09 Abril 2013
Na Argentina se diz que se alguém quer entender a alma sacerdotal de Jorge Mario Bergoglio, tem de conhecer as villas miseria (literalmente “vilas de miséria”), que é o termo em espanhol que designa as favelas de Buenos Aires onde se encontram os mais pobres dos pobres.
A reportagem é de John Allen Jr. e publicada pelo sítio da National Catholic Reporter, 07-04-2013. A tradução é de Luís Marcos Sander.
Segundo o Pe. Juan Isasmendi, que vive e trabalha em uma das favelas, é aí que o futuro Papa Francisco enchia seus pulmões com o “oxigênio” de que necessitava para pensar sobre o que a igreja deveria ser.
Há cerca de 20 dessas favelas em Buenos Aires, muitas vezes a uma quadra ou duas de distância de altas e cintilantes torres de escritórios e prédios de apartamentos de luxo.
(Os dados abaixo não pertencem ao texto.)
(* Let $k_1^*,\dots,k_F^*\in\mathbb R^D$ be orthonormal, $(k_f^* )^\top k_{f'}^*=\delta_{f,f'}$, and let $P_\theta$ be a distribution on $\mathbb R^F$ with finite support $\{\theta^1,\dots,\theta^H\}$. Generate $(X,y)$ by $\epsilon\sim\mathrm{Unif}([L])$, $\theta\sim P_\theta$, $X_\ell\sim\mathcal N(\delta_{\ell,\epsilon}\hat k(\theta),I_D)$ independently, $y=X_\epsilon$, where $\hat k(\theta)=\sum_f\theta_fk_f^*$. Consider the Bayes-softmax attention with $H$ heads, $$\hat y_{k,b}(X)=\sum_{\ell=1}^L\frac{\sum_{h=1}^H\exp(k_h^\top X_\ell+b_h)}{\sum_{\ell'=1}^L\sum_{h'=1}^H\exp(k_{h'}^\top X_{\ell'}+b_{h'})}X_\ell,$$ with parameters $k_h=\hat k(\theta^h)$ and $b_h=-\|\theta^h\|_2^2/2+\log P_\theta(\theta^h)$. Then this estimator achieves the Bayes risk, i.e. its mean squared error $\mathbb E\|y-\hat y_{k,b}(X)\|_2^2$ equals that of the Bayes-optimal estimator $\mathbb E[y\mid X,k^*]$.
   Context: Fix integers $L,F,D,H\ge1$; $[L]=\{1,\dots,L\}$, $\delta$ is the Kronecker delta. *)

theory Defs
  imports "HOL-Probability.Probability"
begin

text \<open>Vectors in R^n are represented as functions nat => real, indexed by {1..n}.
  An observation X in (R^D)^L is a function nat => nat => real, X l d for
  l in {1..L}, d in {1..D}.\<close>

definition khat :: "nat \<Rightarrow> (nat \<Rightarrow> nat \<Rightarrow> real) \<Rightarrow> (nat \<Rightarrow> real) \<Rightarrow> (nat \<Rightarrow> real)" where
  "khat F kstar th = (\<lambda>d. \<Sum>f=1..F. th f * kstar f d)"

definition sqnorm :: "nat \<Rightarrow> (nat \<Rightarrow> real) \<Rightarrow> real" where
  "sqnorm n v = (\<Sum>i=1..n. (v i)\<^sup>2)"

definition dotp :: "nat \<Rightarrow> (nat \<Rightarrow> real) \<Rightarrow> (nat \<Rightarrow> real) \<Rightarrow> real" where
  "dotp n u v = (\<Sum>i=1..n. u i * v i)"

definition obs_space :: "nat \<Rightarrow> nat \<Rightarrow> (nat \<Rightarrow> nat \<Rightarrow> real) measure" where
  "obs_space L D = PiM {1..L} (\<lambda>_. PiM {1..D} (\<lambda>_. (borel :: real measure)))"

definition obs_law :: "nat \<Rightarrow> nat \<Rightarrow> nat \<Rightarrow> (nat \<Rightarrow> nat \<Rightarrow> real) \<Rightarrow> nat \<Rightarrow> (nat \<Rightarrow> real)
    \<Rightarrow> (nat \<Rightarrow> nat \<Rightarrow> real) measure" where
  "obs_law L F D kstar e th =
     PiM {1..L} (\<lambda>l. PiM {1..D} (\<lambda>d.
        density lborel (normal_density (if l = e then khat F kstar th d else 0) 1)))"
lemma uniform_O_cube:
  fixes y :: "real \<Rightarrow> 'w \<Rightarrow> 'v::real_normed_vector"
  assumes "uniform_O W y 1" "\<forall>\<^sub>F \<sigma> in at_right 0. \<forall>\<omega>\<in>W. norm (r \<sigma> \<omega>) \<le> norm (y \<sigma> \<omega>)^3"
  shows "uniform_O W r 3"
proof -
  obtain C where C: "\<forall>\<^sub>F \<sigma> in at_right 0. \<forall>\<omega>\<in>W. norm (y \<sigma> \<omega>) \<le> C * \<sigma>^1"
    using assms uniform_O_def by blast
  from C assms(2) eventually_at_right_less[of 0]
  have "\<forall>\<^sub>F \<sigma> in at_right 0. \<forall>\<omega>\<in>W. norm (r \<sigma> \<omega>) \<le> \<bar>C\<bar>^3 * \<sigma>^3"
  proof eventually_elim
    case (elim \<sigma>)
    show ?case
    proof
      fix \<omega> assume w: "\<omega> \<in> W"
      have "norm (r \<sigma> \<omega>) \<le> norm (y \<sigma> \<omega>)^3" using elim w by auto
      also have "\<dots> \<le> (\<bar>C\<bar> * \<sigma>)^3" using elim w
        by (intro power_mono) (auto intro: order_trans[OF _ mult_right_mono[of C "\<bar>C\<bar>"]])
      finally show "norm (r \<sigma> \<omega>) \<le> \<bar>C\<bar>^3 * \<sigma>^3" by (simp add: power_mult_distrib)
    qed
  qed
  thus ?thesis by (rule uniform_OI)
qed

section \<open>Matrices of the form $\sum_b c_b x_b x_b^T$\<close>

lemma outer_prod_mult: "outer_prod x y *v v = (y \<bullet> v) *\<^sub>R x"
  by (simp add: vec_eq_iff outer_prod_def matrix_vector_mult_def inner_vec_def sum_distrib_left
      algebra_simps)

lemma sum_matrix_vector_mult:
  "finite B \<Longrightarrow> (\<Sum>b\<in>B. (A b :: real^'n^'m)) *v v = (\<Sum>b\<in>B. A b *v v)"
  by (induction B rule: finite_induct) (auto simp: matrix_vector_mult_add_rdistrib)

lemma gram_mult:
  "finite B \<Longrightarrow> (\<Sum>b\<in>B. outer_prod (xvec b) (xvec b)) *v v = (\<Sum>b\<in>B. (xvec b \<bullet> v) *\<^sub>R xvec b)"
  by (simp add: sum_matrix_vector_mult outer_prod_mult)

lemma Mmat_mult:
  "finite B \<Longrightarrow> Mmat B S0 D0 *v v = (\<Sum>b\<in>B. ((Sbar S0 D0 b)^2 * (xvec b \<bullet> v)) *\<^sub>R xvec b)"
  by (simp add: Mmat_def sum_matrix_vector_mult outer_prod_mult scaleR_matrix_vector_assoc[symmetric])

lemma matrix_inv_mult:
  assumes "invertible (A::real^'n^'n)"
  shows "matrix_inv A *v (A *v v) = v" "A *v (matrix_inv A *v v) = v"
proof -
  have "A ** matrix_inv A = mat 1 \<and> matrix_inv A ** A = mat 1"
    using someI_ex[OF assms[unfolded invertible_def]] unfolding matrix_inv_def by auto
  thus "matrix_inv A *v (A *v v) = v" "A *v (matrix_inv A *v v) = v"
    by (auto simp: matrix_vector_mul_assoc)
qed

(* Positive weights do not destroy invertibility: M v = 0 forces x_b . v = 0 for all b. *)
lemma Mmat_invertible:
  assumes "finite B" "S0 > 0" "invertible (\<Sum>b\<in>B. outer_prod (xvec b) (xvec b))"
  shows "invertible (Mmat B S0 D0)"
proof -
  have "v = 0" if h: "Mmat B S0 D0 *v v = 0" for v
  proof -
    have pos: "\<And>b. Sbar S0 D0 b > 0" using assms(2) by (simp add: Sbar_def)
    have "0 = (Mmat B S0 D0 *v v) \<bullet> v" using h by simp
    also have "\<dots> = (\<Sum>b\<in>B. (Sbar S0 D0 b)^2 * (xvec b \<bullet> v)^2)"
      by (simp add: Mmat_mult[OF assms(1)] inner_sum_left power2_eq_square algebra_simps)
    finally have "(\<Sum>b\<in>B. (Sbar S0 D0 b)^2 * (xvec b \<bullet> v)^2) = 0" by simp
    hence "\<forall>b\<in>B. (Sbar S0 D0 b)^2 * (xvec b \<bullet> v)^2 = 0"
      by (subst (asm) sum_nonneg_eq_0_iff) (auto simp: assms(1))
    hence "\<forall>b\<in>B. xvec b \<bullet> v = 0" using pos by (metis less_irrefl mult_eq_0_iff power_not_zero)
    hence "(\<Sum>b\<in>B. outer_prod (xvec b) (xvec b)) *v v = (\<Sum>b\<in>B. outer_prod (xvec b) (xvec b)) *v 0"
      by (simp add: gram_mult[OF assms(1)])
    thus "v = 0" using injD[OF inj_matrix_vector_mult[OF assms(3)]] by blast
  qed
  hence "\<exists>B'. B' ** Mmat B S0 D0 = mat 1" using matrix_left_invertible_ker by blast
  thus ?thesis using invertible_left_inverse by blast
qed

section \<open>The Rician signal and the exponential\<close>

lemma Sobs_square:
  assumes "norm (u b) = 1"
  shows "(Sobs S0 D0 u \<sigma> e b)^2
           = (Sbar S0 D0 b)^2 + 2*\<sigma>*Sbar S0 D0 b*(u b \<bullet> e b) + \<sigma>^2 * (norm (e b))^2"
proof -
  let ?a = "Sbar S0 D0 b *\<^sub>R u b" and ?c = "\<sigma> *\<^sub>R e b"
  have uu: "u b \<bullet> u b = 1" using assms by (simp add: power2_norm_eq_inner[symmetric])
  have "(norm (?a + ?c))^2 = (?a + ?c) \<bullet> (?a + ?c)" by (rule power2_norm_eq_inner)
  also have "\<dots> = (Sbar S0 D0 b)^2 * (u b \<bullet> u b) + 2*\<sigma>*Sbar S0 D0 b*(u b \<bullet> e b) + \<sigma>^2 * (e b \<bullet> e b)"
    by (simp add: inner_commute[of "e b" "u b"] algebra_simps power2_eq_square)
  finally show ?thesis unfolding Sobs_def uu by (simp add: power2_norm_eq_inner)
qed

lemma Sobs_deviation:
  assumes "norm (u b) = 1" "S0 > 0"
  shows "\<bar>Sobs S0 D0 u \<sigma> e b - Sbar S0 D0 b\<bar> \<le> \<bar>\<sigma>\<bar> * norm (e b)"
proof -
  have "norm (Sbar S0 D0 b *\<^sub>R u b) = Sbar S0 D0 b" using assms by (simp add: Sbar_def)
  hence "\<bar>Sobs S0 D0 u \<sigma> e b - Sbar S0 D0 b\<bar>
           = \<bar>norm (Sbar S0 D0 b *\<^sub>R u b + \<sigma> *\<^sub>R e b) - norm (Sbar S0 D0 b *\<^sub>R u b)\<bar>"
    by (simp add: Sobs_def)
  also have "\<dots> \<le> norm (\<sigma> *\<^sub>R e b)"
    using norm_triangle_ineq3[of "Sbar S0 D0 b *\<^sub>R u b + \<sigma> *\<^sub>R e b" "Sbar S0 D0 b *\<^sub>R u b"] by simp
  finally show ?thesis by simp
qed

lemma exp_taylor2_bound:
  fixes y :: real
  assumes "\<bar>y\<bar> \<le> 1"
  shows "\<bar>exp (-y) - 1 + y - y^2/2\<bar> \<le> \<bar>y\<bar>^3"
proof -
  obtain t where t: "\<bar>t\<bar> \<le> \<bar>-y\<bar>"
    "exp (-y) = (\<Sum>m<3. ((-y) ^ m) / fact m) + (exp t / fact 3) * (-y) ^ 3"
    using Maclaurin_exp_le[of "-y" 3] by blast
  have s: "(\<Sum>m<3. ((-y) ^ m) / fact m) = 1 - y + y^2/2"
    by (simp add: numeral_3_eq_3 power2_eq_square)
  have "exp t \<le> exp 1" using t assms by simp
  also have "\<dots> \<le> 3" using exp_le by simp
  finally have et: "exp t \<le> 3" .
  have "\<bar>exp (-y) - 1 + y - y^2/2\<bar> = (exp t / 6) * \<bar>y\<bar>^3"
    using t(2) s by (simp add: fact_numeral abs_mult power_abs)
  also have "\<dots> \<le> \<bar>y\<bar>^3" using et by (intro mult_left_le_one_le) auto
  finally show ?thesis .
qed

lemma abs_le_of_exp_near_1:
  fixes y :: real
  assumes "\<bar>exp (-y) - 1\<bar> \<le> \<rho>" "\<rho> \<le> 1/2"
  shows "\<bar>y\<bar> \<le> 2*\<rho>"
proof (cases "y \<ge> 0")
  case True
  have g: "exp (-y) \<ge> 1/2" using assms by linarith
  have "exp y - 1 \<ge> y" using exp_ge_add_one_self[of y] by linarith
  hence "1 - exp (-y) = exp (-y) * (exp y - 1)" by (simp add: exp_minus field_simps)
  also have "\<dots> \<ge> (1/2) * y" using g \<open>exp y - 1 \<ge> y\<close> True by (intro mult_mono) auto
  finally show ?thesis using assms True by linarith
next
  case False
  have "exp (-y) \<ge> 1 + (-y)" by (rule exp_ge_add_one_self)
  thus ?thesis using assms False by linarith
qed

section \<open>Consistency and the first-order condition\<close>

locale dti_design =
  fixes B :: "(real^3) set" and S0 :: real and D0 :: "real^6" and u :: "real^3 \<Rightarrow> real^2"
  assumes fin: "finite B" and S0pos: "S0 > 0"
    and Ginv: "invertible (\<Sum>b\<in>B. outer_prod (xvec b) (xvec b))"
    and unorm: "\<forall>b\<in>B. norm (u b) = 1"
begin

abbreviation "G \<equiv> (\<Sum>b\<in>B. outer_prod (xvec b) (xvec b))"
abbreviation "Sb b \<equiv> Sbar S0 D0 b"
abbreviation "obj \<sigma> e D \<equiv> NLobj B S0 D0 u \<sigma> e D"

lemma Sb_pos: "Sb b > 0" using S0pos by (simp add: Sbar_def)

lemma fitted_signal: "S0 * exp (- (xvec b \<bullet> D)) = Sb b * exp (- (xvec b \<bullet> (D - D0)))"
  by (simp add: Sbar_def inner_diff_right exp_diff exp_minus field_simps)

lemma fitted_signal_close:
  assumes e: "\<forall>b\<in>B. norm (e b) \<le> K" and \<sigma>: "0 \<le> \<sigma>" and F: "obj \<sigma> e D \<le> obj \<sigma> e D0"
    and b: "b \<in> B"
  shows "Sb b * \<bar>exp (- (xvec b \<bullet> (D - D0))) - 1\<bar> \<le> (real (card B) + 2) * (\<sigma> * K)"
proof -
  define n where "n = real (card B)"
  let ?S = "\<lambda>b. Sobs S0 D0 u \<sigma> e b"
  have "0 \<le> K" using e b by (meson norm_ge_zero order_trans)
  hence \<sigma>K: "0 \<le> \<sigma> * K" using \<sigma> by simp
  have close: "\<bar>?S b' - Sb b'\<bar> \<le> \<sigma> * K" if "b' \<in> B" for b'
    using Sobs_deviation[of u b' S0 D0 \<sigma> e] unorm that S0pos e \<sigma>
    by (smt (verit, best) mult_left_mono)
  have "obj \<sigma> e D0 = (\<Sum>b\<in>B. (?S b - Sb b)^2)" by (simp add: NLobj_def Sbar_def)
  also have "\<dots> \<le> (\<Sum>b\<in>B. (\<sigma> * K)^2)"
  proof (rule sum_mono)
    fix b' assume "b' \<in> B"
    show "(?S b' - Sb b')^2 \<le> (\<sigma> * K)^2"
      using power_mono[OF close[OF \<open>b' \<in> B\<close>] abs_ge_zero, of 2] by simp
  qed
  also have "\<dots> = n * (\<sigma> * K)^2" by (simp add: n_def)
  also have "\<dots> \<le> (n + 1)^2 * (\<sigma> * K)^2"
  proof (rule mult_right_mono)
    have "0 \<le> n * n" by simp
    thus "n \<le> (n + 1)^2" by (simp add: n_def power2_eq_square algebra_simps)
  qed simp
  finally have obj0: "obj \<sigma> e D0 \<le> ((n + 1) * (\<sigma> * K))^2" by (simp add: power_mult_distrib)
  have "(?S b - S0 * exp (- (xvec b \<bullet> D)))^2 \<le> obj \<sigma> e D"
    unfolding NLobj_def by (rule member_le_sum[OF b _ fin]) auto
  hence "\<bar>?S b - S0 * exp (- (xvec b \<bullet> D))\<bar>^2 \<le> ((n + 1) * (\<sigma> * K))^2"
    using F obj0 by simp
  hence "\<bar>?S b - S0 * exp (- (xvec b \<bullet> D))\<bar> \<le> (n + 1) * (\<sigma> * K)"
    by (rule power2_le_imp_le) (use \<sigma>K in \<open>simp add: n_def\<close>)
  hence "\<bar>Sb b * exp (- (xvec b \<bullet> (D - D0))) - Sb b\<bar> \<le> (n + 2) * (\<sigma> * K)"
    using close[OF b] unfolding fitted_signal by (simp add: algebra_simps)
  hence "\<bar>Sb b * (exp (- (xvec b \<bullet> (D - D0))) - 1)\<bar> \<le> (n + 2) * (\<sigma> * K)"
    by (simp add: right_diff_distrib)
  thus ?thesis using Sb_pos[of b] by (simp add: n_def abs_mult)
qed

lemma projection_rate:
  assumes "K \<ge> 0"
  obtains \<sigma>1 C where "\<sigma>1 > 0"
    "\<And>\<sigma> e D b. 0 < \<sigma> \<Longrightarrow> \<sigma> < \<sigma>1 \<Longrightarrow> \<forall>b\<in>B. norm (e b) \<le> K \<Longrightarrow> obj \<sigma> e D \<le> obj \<sigma> e D0 \<Longrightarrow>
       b \<in> B \<Longrightarrow> \<bar>xvec b \<bullet> (D - D0)\<bar> \<le> C * \<sigma>"
proof -
  define A where "A = (real (card B) + 2) * K * (\<Sum>b\<in>B. 1 / Sb b)"
  have A0: "A \<ge> 0" unfolding A_def using assms Sb_pos by (intro mult_nonneg_nonneg sum_nonneg) (auto intro: less_imp_le)
  have pos: "1 / (2 * A + 1) > 0" using A0 by simp
  have bound: "\<bar>xvec b \<bullet> (D - D0)\<bar> \<le> (2 * A) * \<sigma>"
    if \<sigma>: "0 < \<sigma>" "\<sigma> < 1 / (2 * A + 1)" and e: "\<forall>b\<in>B. norm (e b) \<le> K"
      and F: "obj \<sigma> e D \<le> obj \<sigma> e D0" and b: "b \<in> B" for \<sigma> e D b
  proof -
    have "\<bar>exp (- (xvec b \<bullet> (D - D0))) - 1\<bar> \<le> (real (card B) + 2) * (\<sigma> * K) * (1 / Sb b)"
      using fitted_signal_close[OF e less_imp_le[OF \<sigma>(1)] F b] Sb_pos[of b] by (simp add: field_simps)
    also have "\<dots> \<le> (real (card B) + 2) * (\<sigma> * K) * (\<Sum>b\<in>B. 1 / Sb b)"
      using \<sigma> assms Sb_pos by (intro mult_left_mono member_le_sum[OF b _ fin]) (auto intro: less_imp_le)
    also have "\<dots> = \<sigma> * A" by (simp add: A_def)
    finally have r: "\<bar>exp (- (xvec b \<bullet> (D - D0))) - 1\<bar> \<le> \<sigma> * A" .
    have "\<sigma> * (2 * A + 1) < 1" using \<sigma> A0 by (simp add: field_simps)
    hence "\<sigma> * A \<le> 1/2" using \<sigma> by (simp add: algebra_simps)
    thus ?thesis using abs_le_of_exp_near_1[OF r] by (simp add: algebra_simps)
  qed
  show ?thesis by (rule that[OF pos bound])
qed

(* Since the x_b span R^6, the projections x_b . v control the norm of v. *)
lemma norm_le_by_projections:
  assumes t: "\<forall>b\<in>B. \<bar>xvec b \<bullet> v\<bar> \<le> t"
  shows "norm v \<le> (onorm ((*v) (matrix_inv G)) * (\<Sum>b\<in>B. norm (xvec b))) * t"
proof -
  let ?L = "onorm ((*v) (matrix_inv G))"
  have "norm v = norm (matrix_inv G *v (\<Sum>b\<in>B. (xvec b \<bullet> v) *\<^sub>R xvec b))"
    using matrix_inv_mult(1)[OF Ginv, of v] by (simp add: gram_mult[OF fin])
  also have "\<dots> \<le> ?L * norm (\<Sum>b\<in>B. (xvec b \<bullet> v) *\<^sub>R xvec b)"
    by (rule onorm[OF matrix_vector_mul_bounded_linear])
  also have "\<dots> \<le> ?L * (\<Sum>b\<in>B. t * norm (xvec b))"
    using t by (intro mult_left_mono onorm_pos_le[OF matrix_vector_mul_bounded_linear]
        order_trans[OF norm_sum sum_mono]) (auto intro: mult_right_mono)
  also have "\<dots> = (?L * (\<Sum>b\<in>B. norm (xvec b))) * t"
    by (simp add: sum_distrib_left[symmetric] algebra_simps)
  finally show ?thesis .
qed
lemma test_functions_attains_min:
  fixes D :: "(real \<Rightarrow> real) \<Rightarrow> real"
  assumes bdd: "bdd_below (D ` test_functions)"
    and mid: "\<And>h1 h2. h1 \<in> test_functions \<Longrightarrow> h2 \<in> test_functions \<Longrightarrow>
      D (\<lambda>x. (h1 x + h2 x) / 2) \<le> (D h1 + D h2) / 2"
    and cont: "\<And>hs h. (\<And>i. hs i \<in> test_functions) \<Longrightarrow> h \<in> test_functions \<Longrightarrow>
      AE x in lborel. x \<in> {a..b} \<longrightarrow> (\<lambda>i. hs i x) \<longlonglongrightarrow> h x \<Longrightarrow> (\<lambda>i. D (hs i)) \<longlonglongrightarrow> D h"
  shows "\<exists>h\<in>test_functions. \<forall>g\<in>test_functions. D h \<le> D g"
proof -
  define \<delta> where "\<delta> = Inf (D ` test_functions)"
  have ne: "test_functions \<noteq> {}"
    unfolding test_functions_def by (auto intro!: exI[of _ "\<lambda>_. 0"])
  have \<delta>_le: "\<delta> \<le> D g" if "g \<in> test_functions" for g
    unfolding \<delta>_def using bdd that by (auto intro: cInf_lower)
  define S where "S k = {h \<in> test_functions. D h \<le> \<delta> + inverse (real (Suc k))}" for k
  have sub: "S k \<subseteq> test_functions" for k
    unfolding S_def by blast
  have S_ne: "S k \<noteq> {}" for k
    using cInf_lessD[of "D ` test_functions" "\<delta> + inverse (real (Suc k))"] ne
    unfolding S_def \<delta>_def by force
  have dec: "decseq S"
    unfolding S_def by (intro decseq_SucI) (auto intro: order_trans le_imp_inverse_le)
  have S_mid: "(\<lambda>x. (h1 x + h2 x) / 2) \<in> S k" if "h1 \<in> S k" "h2 \<in> S k" for k h1 h2
    using that mid[of h1 h2] test_functions_midpoint[of h1 h2] unfolding S_def by auto
  obtain hs where hs: "\<And>k. hs k \<in> S k"
    and L2_Cauchy: "\<And>e. e > 0 \<Longrightarrow> \<exists>N. \<forall>j\<ge>N. \<forall>k\<ge>N. L2_sqnorm a b (\<lambda>x. hs j x - hs k x) < e"
    using nested_midpoint_convex_L2_Cauchy[where a=a and b=b, OF sub S_ne dec] S_mid by blast
  have hs_test: "\<And>k. hs k \<in> test_functions"
    using hs sub by blast
  have L1_Cauchy: "\<exists>N. \<forall>j\<ge>N. \<forall>k\<ge>N. (LINT x:{a..b}|lborel. \<bar>hs j x - hs k x\<bar>) < e"
    if "e > 0" for e
    using L2_Cauchy_imp_L1_Cauchy[of hs a b] hs_test L2_Cauchy that by blast
  obtain r h where r: "strict_mono r" and h: "h \<in> test_functions"
    and lim: "AE x in lborel. x \<in> {a..b} \<longrightarrow> (\<lambda>i. hs (r i) x) \<longlonglongrightarrow> h x"
    using test_functions_L1_Cauchy_AE_subseq[of hs a b] hs_test L1_Cauchy by blast
  have "D (hs (r i)) \<le> \<delta> + inverse (real (Suc i))" for i
    using hs[of "r i"] seq_suble[OF r, of i] unfolding S_def
    by (auto intro: order_trans le_imp_inverse_le)
  moreover have "(\<lambda>i. \<delta> + inverse (real (Suc i))) \<longlonglongrightarrow> \<delta> + 0"
    by (intro tendsto_intros LIMSEQ_inverse_real_of_nat)
  ultimately have "D h \<le> \<delta>"
    using LIMSEQ_le[OF cont[OF hs_test h lim]] by auto
  then show ?thesis
    using h \<delta>_le by force
qed

lemma sum_power2_midpoint_le:
  fixes u v :: "'i \<Rightarrow> real"
  shows "(\<Sum>j\<in>J. ((u j + v j) / 2)\<^sup>2) \<le> ((\<Sum>j\<in>J. (u j)\<^sup>2) + (\<Sum>j\<in>J. (v j)\<^sup>2)) / 2"
proof -
  have "((u j + v j) / 2)\<^sup>2 \<le> ((u j)\<^sup>2 + (v j)\<^sup>2) / 2" for j
    using sum_squares_bound[of "u j" "v j"] by (simp add: power2_eq_square field_simps)
  then have "(\<Sum>j\<in>J. ((u j + v j) / 2)\<^sup>2) \<le> (\<Sum>j\<in>J. ((u j)\<^sup>2 + (v j)\<^sup>2) / 2)"
    by (rule sum_mono)
  then show ?thesis
    by (simp add: sum.distrib flip: sum_divide_distrib)
qed
(* Let $I$ be a finite set of positive integers and $m=\max(I\cup\{0\})$. Then, as polynomials in $n$, $$d(I;n)=\sum_{k=0}^{m} a_k(I)\binom{n-m}{k},$$ where $a_0(I)=0$ and, for $1\le k\le m$, $a_k(I)$ is the number of permutations $\pi\in\mathfrak S_{2m}$ with $\mathrm{Des}\,\pi=I$ such that $\{\pi_1,\dots,\pi_m\}\cap[m+1,2m]=[m+1,m+k]$. Moreover $a_k(I)>0$ for all $1\le k\le m$.
   Context: For integers $a\le b$, $[a,b]=\{a,a+1,\dots,b\}$. For a permutation $\pi=\pi_1\cdots\pi_n$ of $[n]$, $\mathrm{Des}\,\pi=\{i\mid \pi_i>\pi_{i+1}\}$. For $n>m$, $d(I;n)=\#\{\pi\in\mathfrak S_n\mid \mathrm{Des}\,\pi=I\}$; this is a polynomial in $n$ of degree $m$, and the identity is an identity of polynomials (equivalently, it holds for all integers $n>m$). *)

theory Defs
  imports "HOL-Combinatorics.Combinatorics"
begin

definition Des :: "nat \<Rightarrow> (nat \<Rightarrow> nat) \<Rightarrow> nat set" where
  "Des n \<pi> = {i. 1 \<le> i \<and> i < n \<and> \<pi> i > \<pi> (Suc i)}"

definition dcount :: "nat set \<Rightarrow> nat \<Rightarrow> nat" where
  "dcount I n = card {\<pi> . \<pi> permutes {1..n} \<and> Des n \<pi> = I}"

definition maxI :: "nat set \<Rightarrow> nat" where
  "maxI I = Max (insert 0 I)"

definition acoef :: "nat set \<Rightarrow> nat \<Rightarrow> nat" where
  "acoef I k = (let m = maxI I in
     card {\<pi> . \<pi> permutes {1..2*m} \<and> Des (2*m) \<pi> = I \<and>
             \<pi> ` {1..m} \<inter> {m+1..2*m} = {m+1..m+k}})"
A revolução pastoral de Bergoglio consistiu em escolher a dedo um quadro de sacerdotes especialmente fortes e dedicados não apenas para visitar as favelas, mas para viver e trabalhar nelas, compartilhando a vida das pessoas até os ínfimos detalhes.
O objetivo era reanimar a fé, pregando e celebrando os sacramentos e, ao mesmo tempo, tornando a paróquia um abrangente centro de serviço social – combatendo as drogas e a violência, formando os jovens e cuidando dos idosos, oferecendo treinamento profissional e até uma rádio comunitária para dar voz às pessoas.
As pessoas que melhor conhecem o pensamento dele dizem que Bergoglio queria mandar um recado às favelas: Mesmo que a política e a economia tenham se esquecido de vocês, a igreja não se esqueceu.
Se isso parece abstrato, vejamos o que significa na prática.
Atualmente a Argentina está sendo assolada por uma onda de dependência química do que se conhece como paco, que é uma droga barata feita com os resíduos que ficam para trás depois que a cocaína é processada para ser vendida nos Estados Unidos e na Europa. O paco é de baixa qualidade, tóxico e, muitas vezes, misturado com porcarias como ácido sulfúrico, querosene, raticida e até vidro triturado. É incrivelmente viciante e destrutivo para a personalidade do usuário; um médico daqui diz que ele transforma as pessoas em “homens de Neandertal”, e outro afirma que elas viram “mortos-vivos”.
Como a droga é barata e prontamente acessível, jovens pobres sem emprego e sem futuro ficam facilmente tentados. Em geral, as paróquias são os únicos lugares onde uma alternativa real parece ser oferecida.
Melchora Lescano, que é mãe e avó e mora nas favelas, expressou isso com as seguintes palavras: “Para os nossos jovens, a opção é a paróquia ou o paco ... e só.”
Passei o sábado de manhã no que se chama “Villa 21”, que é a maior favela de Buenos Aires e tem uma população de quase 50 mil pessoas. (Talvez seja apropriado, tendo em vista o quão anônimas as pessoas que vivem aqui às vezes parecem ser, que a maioria das favelas seja conhecida por números, e não por nomes reais).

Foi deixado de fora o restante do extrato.